"Bardziej zakaźny i trudniejszy do zwalczenia". Wariant Lambda dotarł do Australii
W Australii wykryto wariant Lambda - alarmują australijskie media. Jak wynika z pierwszych badań, mutacja ta może być bardzo zaraźliwa oraz może okazać się odporna na dostępne obecnie szczepionki przeciwko COVID-19. Poza wariantem Lambda, do tej pory w Australii zdiagnozowano takie mutacje jak Alfa, Kappa i Delta.
Nową mutację koronawirusa, nazwaną niedawno przez Światową Organizację Zdrowia (WHO) wariantem "Lambda", wykryto u podróżnika z zagranicy, który odbywał w kwietniu kwarantannę w jednym z hoteli znajdującym się w Nowej Południowej Walii. Informację o tym przekazała australijska baza danych genomicznych AusTrakka.
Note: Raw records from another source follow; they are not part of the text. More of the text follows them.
lemma trace_norm_tensor_list_diff:
  assumes len: "length \<rho>s = length \<sigma>s" and \<rho>s: "\<forall>A\<in>set \<rho>s. density d A" and \<sigma>s: "\<forall>A\<in>set \<sigma>s. density d A"
  shows "trace_norm (tensor_list \<rho>s - tensor_list \<sigma>s) \<le> (\<Sum>t<length \<rho>s. entry_norm d (\<rho>s ! t - \<sigma>s ! t))"
proof (rule trace_norm_le_if_trace_pairing_le)
  let ?n = "d ^ length \<rho>s"
  have R: "tensor_list \<rho>s \<in> carrier_mat ?n ?n"
    using \<rho>s by (auto intro!: tensor_list_carrier simp: density_carrier)
  have S: "tensor_list \<sigma>s \<in> carrier_mat ?n ?n"
    unfolding len using \<sigma>s by (auto intro!: tensor_list_carrier simp: density_carrier)
  show "tensor_list \<rho>s - tensor_list \<sigma>s \<in> carrier_mat ?n ?n" using minus_carrier_mat[OF S] .
  show "adj (tensor_list \<rho>s - tensor_list \<sigma>s) = tensor_list \<rho>s - tensor_list \<sigma>s"
  proof -
    have "adj (tensor_list \<rho>s) = tensor_list \<rho>s" "adj (tensor_list \<sigma>s) = tensor_list \<sigma>s"
      using \<rho>s \<sigma>s by (auto intro!: adj_tensor_list[of _ d] simp: density_carrier density_hermitian)
    then show ?thesis using adj_minus[OF R S] by simp
  qed
  show "trace_pairing_le ?n (tensor_list \<rho>s - tensor_list \<sigma>s) (\<Sum>t<length \<rho>s. entry_norm d (\<rho>s ! t - \<sigma>s ! t))"
    by (rule trace_pairing_le_tensor_list_diff[OF len \<rho>s \<sigma>s])
qed

section \<open>Entropy bounds\<close>

lemma density_char_poly_roots:
  assumes \<rho>: "density d \<rho>"
  obtains lam where "\<And>k. k < d \<Longrightarrow> 0 \<le> lam k \<and> lam k \<le> 1"
    "{e. poly (char_poly \<rho>) e = 0} \<subseteq> (\<lambda>k. complex_of_real (lam k)) ` {..<d}"
proof -
  obtain U lam where U: "unitary d U" and \<rho>d: "\<rho> = U * mat_diag d (\<lambda>k. complex_of_real (lam k)) * adj U"
    and lam_nonneg: "\<And>k. k < d \<Longrightarrow> lam k \<ge> 0" and lam_sum: "(\<Sum>k<d. lam k) = 1"
    using density_spectral[OF \<rho>] by blast
  have "lam k \<le> 1" if "k < d" for k
    using member_le_sum[of k "{..<d}" lam] lam_nonneg lam_sum that by simp
  moreover have "{e. poly (char_poly \<rho>) e = 0} \<subseteq> (\<lambda>k. complex_of_real (lam k)) ` {..<d}"
  proof
    define D where "D = mat_diag d (\<lambda>k. complex_of_real (lam k))"
    have "similar_mat_wit \<rho> D U (adj U)"
      unfolding similar_mat_wit_def Let_def D_def using unitaryD[OF U] \<rho>d by auto
    then have "similar_mat \<rho> D" unfolding similar_mat_def by blast
    then have cp: "char_poly \<rho> = (\<Prod>a\<leftarrow>diag_mat D. [:- a, 1:])"
      unfolding char_poly_similar[OF \<open>similar_mat \<rho> D\<close>]
      by (intro char_poly_upper_triangular[of D d]) (auto simp: D_def upper_triangular_def)
    fix e assume "e \<in> {e. poly (char_poly \<rho>) e = 0}"
    then have "0 \<in> set (map (\<lambda>a. poly [:- a, 1:] e) (diag_mat D))"
      unfolding cp poly_prod_list by (simp add: prod_list_zero_iff)
    then obtain k where "k < d" "e = D $$ (k, k)" unfolding diag_mat_def D_def by auto
    then show "e \<in> (\<lambda>k. complex_of_real (lam k)) ` {..<d}" unfolding D_def by auto
  qed
  ultimately show ?thesis using that lam_nonneg by blast
qed

lemma x_ln_x_bounds:
  fixes x :: real
  assumes "0 \<le> x" "x \<le> 1"
  shows "x * ln x \<le> 0" "-1 \<le> x * ln x"
proof -
  show "x * ln x \<le> 0"
    using assms by (cases "x = 0") (auto intro: mult_nonneg_nonpos)
  show "-1 \<le> x * ln x"
  proof (cases "x = 0")
    case False
    with assms have "ln (1 / x) \<le> 1 / x - 1" by (intro ln_le_minus_one) auto
    with False assms have "x * (- ln x) \<le> x * (1 / x - 1)" by (intro mult_left_mono) (auto simp: ln_div)
    with False assms show ?thesis by (simp add: algebra_simps)
  qed simp
qed

lemma vn_entropy_bounds:
  assumes \<rho>: "density d \<rho>"
  shows "0 \<le> vn_entropy \<rho>" "vn_entropy \<rho> \<le> real d * real d"
proof -
  obtain lam where lam: "\<And>k. k < d \<Longrightarrow> 0 \<le> lam k \<and> lam k \<le> 1"
    and roots: "{e. poly (char_poly \<rho>) e = 0} \<subseteq> (\<lambda>k. complex_of_real (lam k)) ` {..<d}"
    using density_char_poly_roots[OF \<rho>] by blast
  define R where "R = {e. poly (char_poly \<rho>) e = 0}"
  have deg: "degree (char_poly \<rho>) = d" and nz: "char_poly \<rho> \<noteq> 0"
    using degree_monic_char_poly[OF density_carrier[OF \<rho>]] by auto
  have Re01: "0 \<le> Re e \<and> Re e \<le> 1" if "e \<in> R" for e
    using roots that lam unfolding R_def by auto
  have "real (Polynomial.order e (char_poly \<rho>)) * (Re e * ln (Re e)) \<le> 0" if "e \<in> R" for e
    using x_ln_x_bounds(1) Re01[OF that] by (simp add: mult_nonneg_nonpos)
  then show "0 \<le> vn_entropy \<rho>"
    unfolding vn_entropy_def R_def[symmetric] by (simp add: sum_nonpos)
  have "- real d \<le> real (Polynomial.order e (char_poly \<rho>)) * (Re e * ln (Re e))" if "e \<in> R" for e
  proof -
    have "real (Polynomial.order e (char_poly \<rho>)) \<le> real d" using order_degree[OF nz, of e] deg by simp
    moreover have "- real (Polynomial.order e (char_poly \<rho>)) \<le> real (Polynomial.order e (char_poly \<rho>)) * (Re e * ln (Re e))"
      using mult_left_mono[OF x_ln_x_bounds(2), of "Re e" "real (Polynomial.order e (char_poly \<rho>))"] Re01[OF that]
      by simp
    ultimately show ?thesis by linarith
  qed
  then have "vn_entropy \<rho> \<le> (\<Sum>e\<in>R. real d)"
    unfolding vn_entropy_def R_def[symmetric] sum_negf[symmetric] by (intro sum_mono) force
  also have "\<dots> \<le> real d * real d"
    using card_poly_roots_bound[OF nz] deg unfolding R_def by (simp add: mult_right_mono)
  finally show "vn_entropy \<rho> \<le> real d * real d" .
qed

definition mixture :: "nat \<Rightarrow> nat set \<Rightarrow> (nat \<Rightarrow> real) \<Rightarrow> (nat \<Rightarrow> complex mat) \<Rightarrow> complex mat" where
  "mixture d X P \<rho> = mat d d (\<lambda>(i, j). \<Sum>x\<in>X. complex_of_real (P x) * \<rho> x $$ (i, j))"

lemma sesq_form_mixture:
  "sesq_form d (mixture d X P \<rho>) y x = (\<Sum>z\<in>X. complex_of_real (P z) * sesq_form d (\<rho> z) y x)"
  unfolding sesq_form_def mixture_def by (simp add: sum_distrib_left sum_distrib_right ac_simps sum.swap[of _ X])

lemma mtrace_mixture:
  assumes "\<forall>x\<in>X. \<rho> x \<in> carrier_mat d d"
  shows "mtrace (mixture d X P \<rho>) = (\<Sum>x\<in>X. complex_of_real (P x) * mtrace (\<rho> x))"
proof -
  have "mtrace (mixture d X P \<rho>) = (\<Sum>x\<in>X. \<Sum>i<d. complex_of_real (P x) * \<rho> x $$ (i, i))"
    unfolding mtrace_def mixture_def by (simp add: sum.swap[of _ X])
  also have "\<dots> = (\<Sum>x\<in>X. complex_of_real (P x) * mtrace (\<rho> x))"
    using assms unfolding mtrace_def by (intro sum.cong refl) (auto simp: sum_distrib_left)
  finally show ?thesis .
qed

lemma density_mixture:
  assumes ch: "cq_channel d X \<rho>" and P: "is_pmf_on X P"
  shows "density d (mixture d X P \<rho>)"
proof -
  have dens: "\<And>x. x \<in> X \<Longrightarrow> density d (\<rho> x)" using ch unfolding cq_channel_def by auto
  have P_nonneg: "\<And>x. x \<in> X \<Longrightarrow> P x \<ge> 0" and P_sum: "(\<Sum>x\<in>X. P x) = 1"
    using P unfolding is_pmf_on_def by auto
  define M where "M = mixture d X P \<rho>"
  have Mc: "M \<in> carrier_mat d d" unfolding M_def mixture_def by auto
  have "adj M = M"
  proof (rule eq_matI)
    fix i j assume "i < dim_row M" "j < dim_col M"
    then have ij: "i < d" "j < d" using Mc by auto
    have "cnj (\<rho> x $$ (j, i)) = \<rho> x $$ (i, j)" if "x \<in> X" for x
      using hermitian_index_cnj[OF density_carrier[OF dens[OF that]] density_hermitian[OF dens[OF that]] ij]
      by simp
    then show "adj M $$ (i, j) = M $$ (i, j)" using ij unfolding M_def mixture_def by simp
  qed (use Mc in auto)
  moreover have "0 \<le> Re (sesq_form d M v v)" for v
    unfolding M_def sesq_form_mixture using P_nonneg dens unfolding density_def psd_iff_sesq_form
    by (auto simp: Re_sum intro!: sum_nonneg)
  moreover have "mtrace M = 1"
    unfolding M_def using mtrace_mixture[of X \<rho> d P] dens P_sum
    by (simp add: density_carrier density_def flip: of_real_sum)
  ultimately show ?thesis unfolding density_def psd_iff_sesq_form M_def[symmetric] using Mc by auto
qed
Wariant Lambda znany był wcześniej naukowcom pod nazwą C.37. Należy on do 11 oficjalnie uznanych przez Światową Organizację Zdrowia wariantów SARS-CoV-2. Pierwotnie wariant ten wykryty został w Peru pod koniec zeszłego roku. Łącznie zidentyfikowano go na terenie 29 krajów na całym świecie.
Wariant Lambda w Australii. Co go wyróżnia?
Zatem co dokładnie wyróżnia wariant Lambda od innych mutacji koronawirusa? Jak pokazują wyniki nowego badania zespołu chilijskich naukowców, wariant ten "może być bardziej zakaźny i trudniejszy do zwalczenia za pomocą szczepionki, ale to dopiero początek" – pisze australijski portal News. Badanie te nie otrzymało jednak jeszcze recenzji naukowej.
Jak wynika z danych, w kwietniu i maju tego roku wariant Lambda stanowił w Peru ponad 80 proc. przypadków zakażeń COVID-19. Spowodowała ona również wiele infekcji w Argentynie, Ekwadorze i Chile.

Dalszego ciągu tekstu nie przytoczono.